## REQUIRED ACTION
Begin with the line that has "using lub by". Give it and every line after it again, exactly, through the end of the entries below.

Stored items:

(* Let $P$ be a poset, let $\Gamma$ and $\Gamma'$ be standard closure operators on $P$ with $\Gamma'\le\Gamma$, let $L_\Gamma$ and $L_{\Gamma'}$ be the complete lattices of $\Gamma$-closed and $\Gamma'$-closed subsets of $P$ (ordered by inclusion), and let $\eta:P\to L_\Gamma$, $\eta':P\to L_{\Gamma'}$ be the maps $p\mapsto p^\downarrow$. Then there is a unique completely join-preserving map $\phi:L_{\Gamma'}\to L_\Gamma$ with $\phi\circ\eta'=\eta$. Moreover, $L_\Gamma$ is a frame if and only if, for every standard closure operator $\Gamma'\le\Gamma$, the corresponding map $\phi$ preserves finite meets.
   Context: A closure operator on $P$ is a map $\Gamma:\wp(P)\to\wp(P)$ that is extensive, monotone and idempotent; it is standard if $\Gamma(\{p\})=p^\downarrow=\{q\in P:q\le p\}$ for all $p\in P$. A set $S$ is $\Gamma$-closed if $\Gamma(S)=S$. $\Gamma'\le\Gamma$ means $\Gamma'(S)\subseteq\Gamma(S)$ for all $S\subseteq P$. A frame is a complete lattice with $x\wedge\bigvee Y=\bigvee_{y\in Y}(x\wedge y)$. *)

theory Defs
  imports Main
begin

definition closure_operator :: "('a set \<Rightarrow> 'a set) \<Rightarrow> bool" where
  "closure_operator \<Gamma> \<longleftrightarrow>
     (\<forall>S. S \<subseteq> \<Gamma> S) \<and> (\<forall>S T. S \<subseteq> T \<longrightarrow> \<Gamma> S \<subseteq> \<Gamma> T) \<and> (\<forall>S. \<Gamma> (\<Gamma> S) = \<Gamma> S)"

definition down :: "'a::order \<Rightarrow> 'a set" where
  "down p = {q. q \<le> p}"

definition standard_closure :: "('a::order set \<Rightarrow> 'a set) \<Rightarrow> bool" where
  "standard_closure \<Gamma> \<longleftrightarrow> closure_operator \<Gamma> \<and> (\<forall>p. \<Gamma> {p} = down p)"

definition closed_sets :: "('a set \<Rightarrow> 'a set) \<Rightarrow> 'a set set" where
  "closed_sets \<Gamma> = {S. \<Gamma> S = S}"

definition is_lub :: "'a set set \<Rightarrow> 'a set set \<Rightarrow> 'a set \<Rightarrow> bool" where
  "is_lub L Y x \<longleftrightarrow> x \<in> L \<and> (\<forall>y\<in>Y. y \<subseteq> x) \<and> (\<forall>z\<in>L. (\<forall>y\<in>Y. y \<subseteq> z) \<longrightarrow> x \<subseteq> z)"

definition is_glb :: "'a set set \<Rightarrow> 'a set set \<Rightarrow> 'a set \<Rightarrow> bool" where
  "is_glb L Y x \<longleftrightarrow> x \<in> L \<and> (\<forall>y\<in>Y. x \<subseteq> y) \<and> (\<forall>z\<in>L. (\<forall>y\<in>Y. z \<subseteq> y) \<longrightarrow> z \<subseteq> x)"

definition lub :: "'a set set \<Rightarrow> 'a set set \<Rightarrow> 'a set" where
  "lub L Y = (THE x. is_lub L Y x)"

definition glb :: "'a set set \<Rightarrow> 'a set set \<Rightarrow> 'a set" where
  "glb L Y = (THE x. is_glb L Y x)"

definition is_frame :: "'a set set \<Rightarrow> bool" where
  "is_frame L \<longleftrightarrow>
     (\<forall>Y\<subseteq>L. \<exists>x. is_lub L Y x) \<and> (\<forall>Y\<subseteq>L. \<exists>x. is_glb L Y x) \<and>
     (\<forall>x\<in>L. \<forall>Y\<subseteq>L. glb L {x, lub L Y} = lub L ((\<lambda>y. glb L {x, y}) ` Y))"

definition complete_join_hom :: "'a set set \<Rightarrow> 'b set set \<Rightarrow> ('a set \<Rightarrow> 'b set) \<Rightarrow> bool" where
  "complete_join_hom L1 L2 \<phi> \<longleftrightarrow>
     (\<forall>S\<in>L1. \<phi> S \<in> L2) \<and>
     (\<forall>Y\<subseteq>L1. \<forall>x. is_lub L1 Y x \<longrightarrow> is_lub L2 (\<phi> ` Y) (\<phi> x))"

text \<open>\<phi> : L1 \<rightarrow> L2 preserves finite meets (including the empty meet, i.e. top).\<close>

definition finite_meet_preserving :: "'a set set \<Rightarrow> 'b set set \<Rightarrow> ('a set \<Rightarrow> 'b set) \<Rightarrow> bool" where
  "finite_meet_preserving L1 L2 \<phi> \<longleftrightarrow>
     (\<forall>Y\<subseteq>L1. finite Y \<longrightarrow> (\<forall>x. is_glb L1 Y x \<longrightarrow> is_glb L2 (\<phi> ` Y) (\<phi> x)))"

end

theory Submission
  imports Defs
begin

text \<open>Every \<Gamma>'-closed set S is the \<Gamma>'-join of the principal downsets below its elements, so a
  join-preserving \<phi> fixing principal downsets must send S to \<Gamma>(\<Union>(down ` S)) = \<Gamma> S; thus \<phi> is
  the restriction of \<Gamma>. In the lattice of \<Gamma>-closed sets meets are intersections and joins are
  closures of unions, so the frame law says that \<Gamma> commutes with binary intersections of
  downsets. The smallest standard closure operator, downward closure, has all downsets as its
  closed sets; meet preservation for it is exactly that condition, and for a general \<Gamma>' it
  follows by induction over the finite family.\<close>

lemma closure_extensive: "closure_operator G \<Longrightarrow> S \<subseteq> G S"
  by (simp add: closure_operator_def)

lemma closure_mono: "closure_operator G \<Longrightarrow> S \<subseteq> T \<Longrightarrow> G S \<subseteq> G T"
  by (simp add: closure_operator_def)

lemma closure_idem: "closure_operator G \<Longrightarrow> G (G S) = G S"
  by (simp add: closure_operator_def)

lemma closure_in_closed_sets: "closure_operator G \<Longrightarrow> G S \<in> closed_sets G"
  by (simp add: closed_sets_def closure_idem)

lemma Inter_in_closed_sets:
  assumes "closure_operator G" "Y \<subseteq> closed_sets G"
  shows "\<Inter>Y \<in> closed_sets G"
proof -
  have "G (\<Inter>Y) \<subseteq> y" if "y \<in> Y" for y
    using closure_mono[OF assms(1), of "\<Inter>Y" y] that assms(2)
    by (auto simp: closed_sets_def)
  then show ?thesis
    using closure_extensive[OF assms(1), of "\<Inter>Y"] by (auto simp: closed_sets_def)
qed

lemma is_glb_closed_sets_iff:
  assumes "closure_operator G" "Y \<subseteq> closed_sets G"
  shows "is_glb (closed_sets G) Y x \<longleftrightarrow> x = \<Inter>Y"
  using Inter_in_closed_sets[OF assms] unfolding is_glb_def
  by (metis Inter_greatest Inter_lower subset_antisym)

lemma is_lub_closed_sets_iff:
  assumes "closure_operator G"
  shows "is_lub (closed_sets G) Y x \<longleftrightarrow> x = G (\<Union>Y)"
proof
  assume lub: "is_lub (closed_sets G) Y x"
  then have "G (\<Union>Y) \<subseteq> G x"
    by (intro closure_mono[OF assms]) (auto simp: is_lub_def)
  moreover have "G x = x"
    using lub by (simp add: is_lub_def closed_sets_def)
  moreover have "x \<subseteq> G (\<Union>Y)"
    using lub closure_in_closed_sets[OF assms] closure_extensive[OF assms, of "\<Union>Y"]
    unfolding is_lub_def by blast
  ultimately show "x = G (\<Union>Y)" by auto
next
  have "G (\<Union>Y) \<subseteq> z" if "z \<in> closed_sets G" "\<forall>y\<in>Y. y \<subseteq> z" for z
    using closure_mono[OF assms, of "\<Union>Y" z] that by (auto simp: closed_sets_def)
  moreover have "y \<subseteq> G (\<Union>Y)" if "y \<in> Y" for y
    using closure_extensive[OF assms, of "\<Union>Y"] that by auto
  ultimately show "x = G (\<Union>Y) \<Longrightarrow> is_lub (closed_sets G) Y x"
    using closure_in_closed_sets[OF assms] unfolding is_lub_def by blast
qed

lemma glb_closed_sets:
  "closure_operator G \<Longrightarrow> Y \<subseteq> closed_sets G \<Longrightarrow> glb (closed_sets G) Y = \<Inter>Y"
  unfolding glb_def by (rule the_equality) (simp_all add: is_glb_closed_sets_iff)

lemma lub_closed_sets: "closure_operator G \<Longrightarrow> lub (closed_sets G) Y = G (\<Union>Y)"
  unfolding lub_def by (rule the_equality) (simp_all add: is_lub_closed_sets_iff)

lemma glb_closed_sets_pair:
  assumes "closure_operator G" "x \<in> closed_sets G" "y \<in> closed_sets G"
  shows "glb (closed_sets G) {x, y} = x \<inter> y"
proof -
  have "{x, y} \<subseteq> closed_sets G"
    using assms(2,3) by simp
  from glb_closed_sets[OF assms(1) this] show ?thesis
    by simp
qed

## SOLUTION TO THIS PROBLEM
    using lub by (simp add: is_lub_def closed_sets_def)
  moreover have "x \<subseteq> G (\<Union>Y)"
    using lub closure_in_closed_sets[OF assms] closure_extensive[OF assms, of "\<Union>Y"]
    unfolding is_lub_def by blast
  ultimately show "x = G (\<Union>Y)" by auto
next
  have "G (\<Union>Y) \<subseteq> z" if "z \<in> closed_sets G" "\<forall>y\<in>Y. y \<subseteq> z" for z
    using closure_mono[OF assms, of "\<Union>Y" z] that by (auto simp: closed_sets_def)
  moreover have "y \<subseteq> G (\<Union>Y)" if "y \<in> Y" for y
    using closure_extensive[OF assms, of "\<Union>Y"] that by auto
  ultimately show "x = G (\<Union>Y) \<Longrightarrow> is_lub (closed_sets G) Y x"
    using closure_in_closed_sets[OF assms] unfolding is_lub_def by blast
qed

lemma glb_closed_sets:
  "closure_operator G \<Longrightarrow> Y \<subseteq> closed_sets G \<Longrightarrow> glb (closed_sets G) Y = \<Inter>Y"
  unfolding glb_def by (rule the_equality) (simp_all add: is_glb_closed_sets_iff)

lemma lub_closed_sets: "closure_operator G \<Longrightarrow> lub (closed_sets G) Y = G (\<Union>Y)"
  unfolding lub_def by (rule the_equality) (simp_all add: is_lub_closed_sets_iff)

lemma glb_closed_sets_pair:
  assumes "closure_operator G" "x \<in> closed_sets G" "y \<in> closed_sets G"
  shows "glb (closed_sets G) {x, y} = x \<inter> y"
proof -
  have "{x, y} \<subseteq> closed_sets G"
    using assms(2,3) by simp
  from glb_closed_sets[OF assms(1) this] show ?thesis
    by simp
qed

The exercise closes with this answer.